We suppose that the light with a complex amplitude of $A_0$ is injected into the 3 × 3 coupler from the I-A port; then, the input complex amplitude matrix can be written as

$$E_i={\left(\begin{array}{ccc}{A}_0& 0& 0\end{array}\right)}^{\mathrm{T}},$$

(11)

where the symbol T represents transposition. The transmission matrix $P_{\alpha }$ ($\alpha$ = a, b, c, d, e, f) has six forms, as illustrated in Figure 3. Connection configurations (a), (b), and (c) can be written as

$$P_{\mathrm{a}}=\left(\begin{array}{ccc}{d}_1& 0& 0\\ 0& d_2& 0\\ 0& 0& d_D\end{array}\right),P_{\mathrm{b}}=\left(\begin{array}{ccc}{d}_D& 0& 0\\ 0& d_1& 0\\ 0& 0& d_2\end{array}\right),P_{\mathrm{c}}=\left(\begin{array}{ccc}{d}_2& 0& 0\\ 0& d_D& 0\\ 0& 0& d_1\end{array}\right),$$

(12)

where $d_1={\mathrm{e}}^{i2nk{L}_1}$ accounts for the phase change on the round-trip path through arm 1 of the MI, $d_2={\mathrm{e}}^{i2nk{L}_2}$ accounts for the phase change on the round-trip path through arm 2, $d_D=r{\mathrm{e}}^{i2nk{L}_D}$ accounts for the amplitude and phase change on the round-trip path through the unused fiber of the 3 × 3 coupler, $L_q$ (q = 1,2,D) denotes arm lengths, $k$ is the wavenumber, n is the effective modal refractive index, and r is the reflection coefficient of the unused fiber. We use angled cleaving to suppress reflections, which makes $d_D$ close to zero [17].

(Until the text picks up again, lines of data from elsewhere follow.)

(* Let $n,k\in\mathbb{N}$ and let $\mathcal{C}$ be a class of finite graphs such that $\mathrm{wd}^\otimes_n(G)\le k$ for all $G\in\mathcal{C}$. The following are equivalent: (1) $\mathcal{C}$ is $\mathrm{MSO}_1$-orderable; (2) $\mathcal{C}$ has property $\mathsf{CUT}$; (3) there is $d\in\mathbb{N}$ such that every $G\in\mathcal{C}$ has a $\otimes$-decomposition $(H_v)_{v\in T}$ of height at most $n$ and width at most $k$ in which every vertex of $T$ has outdegree at most $d$; (4) $\mathcal{C}$ is finite (up to isomorphism).
   Context: A graph with ports in $[k]=\{0,\dots,k-1\}$ is a graph with $\pi:V\to[k]$; for $R\subseteq[k]\times[k]$, $G\otimes_R H$ is the disjoint union plus all edges $\{x,y\}$ with $x,y$ in different operands, $x$ of label $a$, $y$ of label $b$, $(a,b)\in R$ (associative, commutative); $\mathrm{Del}$ deletes labels. A $\otimes$-decomposition of $G=\langle V,E\rangle$ of width $k$ is a family $(H_v)_{v\in T}$ of graphs with ports in $[k]$ indexed by a rooted tree $T$ such that: $H_{\mathrm{root}}$ is $G$ with some labelling; $H_v$ has exactly one vertex for each leaf $v$; and for every internal node $v$ with children $u_0,\dots,u_{d-1}$ there is $R_v\subseteq[k]\times[k]$ with $\mathrm{Del}(H_v)=\mathrm{Del}(H_{u_0}\otimes_{R_v}\cdots\otimes_{R_v}H_{u_{d-1}})$ (labels of $H_v$ and its children unrelated). Its height is the height of $T$. $\mathrm{wd}^\otimes_n(G)$ is the least $k$ such that $G$ has a $\otimes$-decomposition of width $\le k$ and height $\le n$. $\mathrm{Cut}(G,k)$ is the maximal $m$ with $G\cong\mathrm{Del}(H_0\otimes_R\cdots\otimes_R H_{m-1})$ for nonempty $H_i$ with ports in $[k]$ and some $R$; $\mathcal{C}$ has $\mathsf{CUT}$ if there is $f$ with $\mathrm{Cut}(G,k)\le f(k)$ for all $G\in\mathcal{C}$, $k$. $\mathcal{C}$ is $\mathrm{MSO}_1$-orderable if there is an MSO-formula $\varphi(x,y;Z_0,\dots,Z_{m-1})$ such that for every nonempty $G\in\mathcal{C}$ there are vertex sets $P_i$ with $\{(a,b):\lfloor G\rfloor\models\varphi(a,b;\bar P)\}$ a linear order on the vertices, where $\lfloor G\rfloor$ is the structure with universe $V$ and edge relation. *)

theory Defs
  imports Main "HOL-Library.Extended_Nat"
begin

text \<open>A (finite, simple, undirected) graph on natural-number vertices: a vertex set and a
set of edges, each edge a two-element subset of the vertex set.\<close>

type_synonym graph = "nat set \<times> nat set set"

definition finite_graph :: "graph \<Rightarrow> bool" where
  "finite_graph G \<longleftrightarrow> finite (fst G) \<and>
     snd G \<subseteq> {{x, y} | x y. x \<in> fst G \<and> y \<in> fst G \<and> x \<noteq> y}"

definition graph_iso :: "graph \<Rightarrow> graph \<Rightarrow> bool" where
  "graph_iso G G' \<longleftrightarrow> (\<exists>f. bij_betw f (fst G) (fst G') \<and>
     (\<forall>x\<in>fst G. \<forall>y\<in>fst G. {x, y} \<in> snd G \<longleftrightarrow> {f x, f y} \<in> snd G'))"

record pgraph =
  pV :: "nat set"
  pE :: "nat set set"
  pl :: "nat \<Rightarrow> nat"

definition Del :: "pgraph \<Rightarrow> graph" where
  "Del H = (pV H, pE H)"

definition ports_in :: "nat \<Rightarrow> pgraph \<Rightarrow> bool" where
  "ports_in k H \<longleftrightarrow> finite_graph (Del H) \<and> (\<forall>v\<in>pV H. pl H v < k)"

definition disjoint_ops :: "pgraph list \<Rightarrow> bool" where
  "disjoint_ops Hs \<longleftrightarrow> (\<forall>i<length Hs. \<forall>j<length Hs. i \<noteq> j \<longrightarrow> pV (Hs!i) \<inter> pV (Hs!j) = {})"

text \<open>\<open>tensor_Del R Hs\<close> is \<open>Del(H_0 \<otimes>_R \<dots> \<otimes>_R H_{d-1})\<close>.\<close>

definition tensor_Del :: "(nat \<times> nat) set \<Rightarrow> pgraph list \<Rightarrow> graph" where
  "tensor_Del R Hs =
     ((\<Union>H\<in>set Hs. pV H),
      (\<Union>H\<in>set Hs. pE H) \<union>
      {{x, y} | x y i j. i < length Hs \<and> j < length Hs \<and> i \<noteq> j \<and>
         x \<in> pV (Hs!i) \<and> y \<in> pV (Hs!j) \<and> (pl (Hs!i) x, pl (Hs!j) y) \<in> R})"

datatype 'a dtree = DNode 'a "'a dtree list"

fun dlabel :: "'a dtree \<Rightarrow> 'a" where
  "dlabel (DNode x ts) = x"

fun dchildren :: "'a dtree \<Rightarrow> 'a dtree list" where
  "dchildren (DNode x ts) = ts"

fun dheight :: "'a dtree \<Rightarrow> nat" where
  "dheight (DNode x ts) = (if ts = [] then 0 else Suc (Max (set (map dheight ts))))"

inductive outdeg_le :: "nat \<Rightarrow> 'a dtree \<Rightarrow> bool" for d where
  "length ts \<le> d \<Longrightarrow> (\<forall>t\<in>set ts. outdeg_le d t) \<Longrightarrow> outdeg_le d (DNode x ts)"

text \<open>Each tree node carries the graph with ports \<open>H_v\<close> and the relation \<open>R_v\<close>
(the latter is irrelevant at leaves). \<open>valid_dec k t\<close>: \<open>t\<close> is a \<otimes>-decomposition
(of the graph \<open>Del\<close> of its root) of width at most \<open>k\<close>.\<close>

inductive valid_dec :: "nat \<Rightarrow> (pgraph \<times> (nat \<times> nat) set) dtree \<Rightarrow> bool" for k where
  leaf: "ports_in k H \<Longrightarrow> card (pV H) = 1 \<Longrightarrow> valid_dec k (DNode (H, R) [])"
| node: "ports_in k H \<Longrightarrow> ts \<noteq> [] \<Longrightarrow> (\<forall>t\<in>set ts. valid_dec k t) \<Longrightarrow>
         disjoint_ops (map (fst \<circ> dlabel) ts) \<Longrightarrow>
         Del H = tensor_Del R (map (fst \<circ> dlabel) ts) \<Longrightarrow>
         valid_dec k (DNode (H, R) ts)"

definition is_dec_of :: "graph \<Rightarrow> nat \<Rightarrow> (pgraph \<times> (nat \<times> nat) set) dtree \<Rightarrow> bool" where
  "is_dec_of G k t \<longleftrightarrow> valid_dec k t \<and> Del (fst (dlabel t)) = G"

definition wd_tensor :: "nat \<Rightarrow> graph \<Rightarrow> enat" where
  "wd_tensor n G = (if \<exists>k t. is_dec_of G k t \<and> dheight t \<le> n
     then enat (LEAST k. \<exists>t. is_dec_of G k t \<and> dheight t \<le> n) else \<infinity>)"

definition cut_rep :: "graph \<Rightarrow> nat \<Rightarrow> nat \<Rightarrow> bool" where
  "cut_rep G k m \<longleftrightarrow> (\<exists>Hs R. length Hs = m \<and> (\<forall>H\<in>set Hs. pV H \<noteq> {} \<and> ports_in k H) \<and>
      disjoint_ops Hs \<and> graph_iso G (tensor_Del R Hs))"

definition Cut :: "graph \<Rightarrow> nat \<Rightarrow> nat" where
  "Cut G k = (GREATEST m. cut_rep G k m)"

definition has_CUT :: "graph set \<Rightarrow> bool" where
  "has_CUT C \<longleftrightarrow> (\<exists>f. \<forall>G\<in>C. \<forall>k. Cut G k \<le> f k)"

datatype mso =
    MEq nat nat
  | MEdge nat nat
  | MMem nat nat
  | MNeg mso
  | MConj mso mso
  | MEx1 nat mso
  | MEx2 nat mso

fun fv1 :: "mso \<Rightarrow> nat set" where
  "fv1 (MEq i j) = {i, j}"
| "fv1 (MEdge i j) = {i, j}"
| "fv1 (MMem i X) = {i}"
| "fv1 (MNeg \<phi>) = fv1 \<phi>"
| "fv1 (MConj \<phi> \<psi>) = fv1 \<phi> \<union> fv1 \<psi>"
| "fv1 (MEx1 i \<phi>) = fv1 \<phi> - {i}"
| "fv1 (MEx2 X \<phi>) = fv1 \<phi>"

fun fv2 :: "mso \<Rightarrow> nat set" where
  "fv2 (MEq i j) = {}"
| "fv2 (MEdge i j) = {}"
| "fv2 (MMem i X) = {X}"
| "fv2 (MNeg \<phi>) = fv2 \<phi>"
| "fv2 (MConj \<phi> \<psi>) = fv2 \<phi> \<union> fv2 \<psi>"
| "fv2 (MEx1 i \<phi>) = fv2 \<phi>"
| "fv2 (MEx2 X \<phi>) = fv2 \<phi> - {X}"

fun sat :: "graph \<Rightarrow> (nat \<Rightarrow> nat) \<Rightarrow> (nat \<Rightarrow> nat set) \<Rightarrow> mso \<Rightarrow> bool" where
  "sat G \<alpha> \<beta> (MEq i j) = (\<alpha> i = \<alpha> j)"
| "sat G \<alpha> \<beta> (MEdge i j) = ({\<alpha> i, \<alpha> j} \<in> snd G)"
| "sat G \<alpha> \<beta> (MMem i X) = (\<alpha> i \<in> \<beta> X)"
| "sat G \<alpha> \<beta> (MNeg \<phi>) = (\<not> sat G \<alpha> \<beta> \<phi>)"
| "sat G \<alpha> \<beta> (MConj \<phi> \<psi>) = (sat G \<alpha> \<beta> \<phi> \<and> sat G \<alpha> \<beta> \<psi>)"
| "sat G \<alpha> \<beta> (MEx1 i \<phi>) = (\<exists>a\<in>fst G. sat G (\<alpha>(i := a)) \<beta> \<phi>)"
| "sat G \<alpha> \<beta> (MEx2 X \<phi>) = (\<exists>S. S \<subseteq> fst G \<and> sat G \<alpha> (\<beta>(X := S)) \<phi>)"

text \<open>\<open>\<phi>(x,y;Z_0,\<dots>,Z_{m-1})\<close>: \<open>x\<close> is first-order variable 0, \<open>y\<close> is variable 1,
\<open>Z_i\<close> is set variable \<open>i\<close>.\<close>
definition MSO_orderable :: "graph set \<Rightarrow> bool" where
  "MSO_orderable C \<longleftrightarrow> (\<exists>\<phi> m. fv1 \<phi> \<subseteq> {0, 1} \<and> fv2 \<phi> \<subseteq> {..<m} \<and>
     (\<forall>G\<in>C. fst G \<noteq> {} \<longrightarrow>
        (\<exists>P :: nat \<Rightarrow> nat set. (\<forall>i<m. P i \<subseteq> fst G) \<and>
           linear_order_on (fst G)
             {(a, b). a \<in> fst G \<and> b \<in> fst G \<and>
                sat G (\<lambda>i. if i = 0 then a else b) P \<phi>})))"

definition finite_up_to_iso :: "graph set \<Rightarrow> bool" where
  "finite_up_to_iso C \<longleftrightarrow> (\<exists>F. finite F \<and> (\<forall>G\<in>C. \<exists>G'\<in>F. graph_iso G G'))"

end

theory Submission
  imports Defs "HOL-Library.Disjoint_Sets"
begin

abbreviation root_pg :: "(pgraph \<times> (nat \<times> nat) set) dtree \<Rightarrow> pgraph" where
  "root_pg t \<equiv> fst (dlabel t)"

fun subtrees :: "'a dtree \<Rightarrow> 'a dtree set" where
  "subtrees (DNode x ts) = insert (DNode x ts) (\<Union>t\<in>set ts. subtrees t)"

lemma finite_graph_edge_verts: "finite_graph G \<Longrightarrow> {x, y} \<in> snd G \<Longrightarrow> x \<in> fst G \<and> y \<in> fst G"
  unfolding finite_graph_def by (auto simp: doubleton_eq_iff)

lemma disjoint_opsD:
  "disjoint_ops Hs \<Longrightarrow> i < length Hs \<Longrightarrow> j < length Hs \<Longrightarrow> x \<in> pV (Hs!i) \<Longrightarrow> x \<in> pV (Hs!j) \<Longrightarrow> i = j"
  unfolding disjoint_ops_def by blast

lemma tensor_Del_edge_iff:
  assumes dj: "disjoint_ops Hs" and fg: "\<forall>H\<in>set Hs. finite_graph (Del H)"
    and A: "A \<in> set Hs" "x \<in> pV A" and B: "B \<in> set Hs" "y \<in> pV B"
  shows "{x, y} \<in> snd (tensor_Del R Hs) \<longleftrightarrow>
    (if A = B then {x, y} \<in> pE A else (pl A x, pl B y) \<in> R \<or> (pl B y, pl A x) \<in> R)"
proof -
  obtain i j where i: "i < length Hs" "A = Hs!i" and j: "j < length Hs" "B = Hs!j"
    using A B by (auto simp: in_set_conv_nth)
  note same = disjoint_opsD[OF dj]
  have AB: "A = B \<longleftrightarrow> i = j" using same i j A B by metis
  have inner: "(\<exists>H\<in>set Hs. {x, y} \<in> pE H) \<longleftrightarrow> i = j \<and> {x, y} \<in> pE A"
  proof
    assume "\<exists>H\<in>set Hs. {x, y} \<in> pE H"
    then obtain l where l: "l < length Hs" "{x, y} \<in> pE (Hs!l)" by (auto simp: in_set_conv_nth)
    then have "x \<in> pV (Hs!l)" "y \<in> pV (Hs!l)"
      using fg finite_graph_edge_verts[of "Del (Hs!l)"] by (auto simp: Del_def)
    then show "i = j \<and> {x, y} \<in> pE A" using same i j A B l by metis
  qed (use A in auto)
  have cross: "(\<exists>x' y' i' j'. {x, y} = {x', y'} \<and> i' < length Hs \<and> j' < length Hs \<and> i' \<noteq> j' \<and>
      x' \<in> pV (Hs!i') \<and> y' \<in> pV (Hs!j') \<and> (pl (Hs!i') x', pl (Hs!j') y') \<in> R)
    \<longleftrightarrow> i \<noteq> j \<and> ((pl A x, pl B y) \<in> R \<or> (pl B y, pl A x) \<in> R)"
    using same i j A B by (auto simp: doubleton_eq_iff) metis+
  show ?thesis
    using inner cross AB unfolding tensor_Del_def by auto
qed

lemma valid_dec_mono: "valid_dec k t \<Longrightarrow> k \<le> k' \<Longrightarrow> valid_dec k' t"
proof (induction rule: valid_dec.induct)
  case (leaf H R) then show ?case by (force intro!: valid_dec.leaf simp: ports_in_def)
next
  case (node H ts R) then show ?case by (force intro!: valid_dec.node simp: ports_in_def)
qed

lemma valid_dec_leafD: "valid_dec k (DNode (H, R) []) \<Longrightarrow> card (pV H) = 1"
  by (cases rule: valid_dec.cases) auto

lemma valid_dec_nodeD:
  assumes "valid_dec k (DNode (H, R) ts)" and "ts \<noteq> []"
  shows "ports_in k H" and "\<forall>c\<in>set ts. valid_dec k c"
    and "disjoint_ops (map (fst \<circ> dlabel) ts)" and "Del H = tensor_Del R (map (fst \<circ> dlabel) ts)"
  using assms by (cases rule: valid_dec.cases; auto)+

Ultimately, the complex amplitude matrix of the three outputs can be calculated by

$$E_{\alpha }=Q{P}_{\alpha }Q{E}_i.$$

(13)

For connection (a), the PDs record the optical intensity ($I_{\mathrm{a}}=E_{\mathrm{a}}{E_{\mathrm{a}}}^{*}$), which is derived by

$$I_{\mathrm{a}}={\displaystyle \frac{2}{9}}{A}_0^2\left(\begin{array}{c}1+\cos \left(2nk\left(L_1-L_2\right)+2\pi /3\right)\\ 1+\cos \left(2nk\left(L_1-L_2\right)\right)\\ 1+\cos \left(2nk\left(L_1-L_2\right)-2\pi /3\right)\end{array}\right),$$

(14)

where $L_1=(L_{10}+\Delta L_1)$, $L_{10}$ is the original length, and $\Delta L_1$ is the length change caused by pressure. The arm-length difference becomes $L_1-L_2=(\Delta L_1-\Delta L_2)+(L_{10}-L_{20})$. Substituting Equation (11) into Equation (1) results in a demodulated signal:

$${\phi }_{\mathrm{a}}=2nk(\Delta L_1-\Delta L_2)+{\phi }_0,$$

(15)

where ${\phi }_0=2nk(L_{10}-L_{20})$.

For configurations (b) and (c), the corresponding signals are

$${\phi }_{\mathrm{b}}=2nk(\Delta L_1-\Delta L_2)+{\phi }_0-2\pi /3,$$

(16)

$${\phi }_{\mathrm{c}}=2nk(\Delta L_1-\Delta L_2)+{\phi }_0+2\pi /3.$$

(17)

Here, $\Delta L_1-\Delta L_2$ represents the signal influenced by environmental changes and is a rapidly varying term. After removing the DC component, the target signal ${\phi }_s=2nk(\Delta L_1-\Delta L_2)$ remains consistent across configurations (a)–(c).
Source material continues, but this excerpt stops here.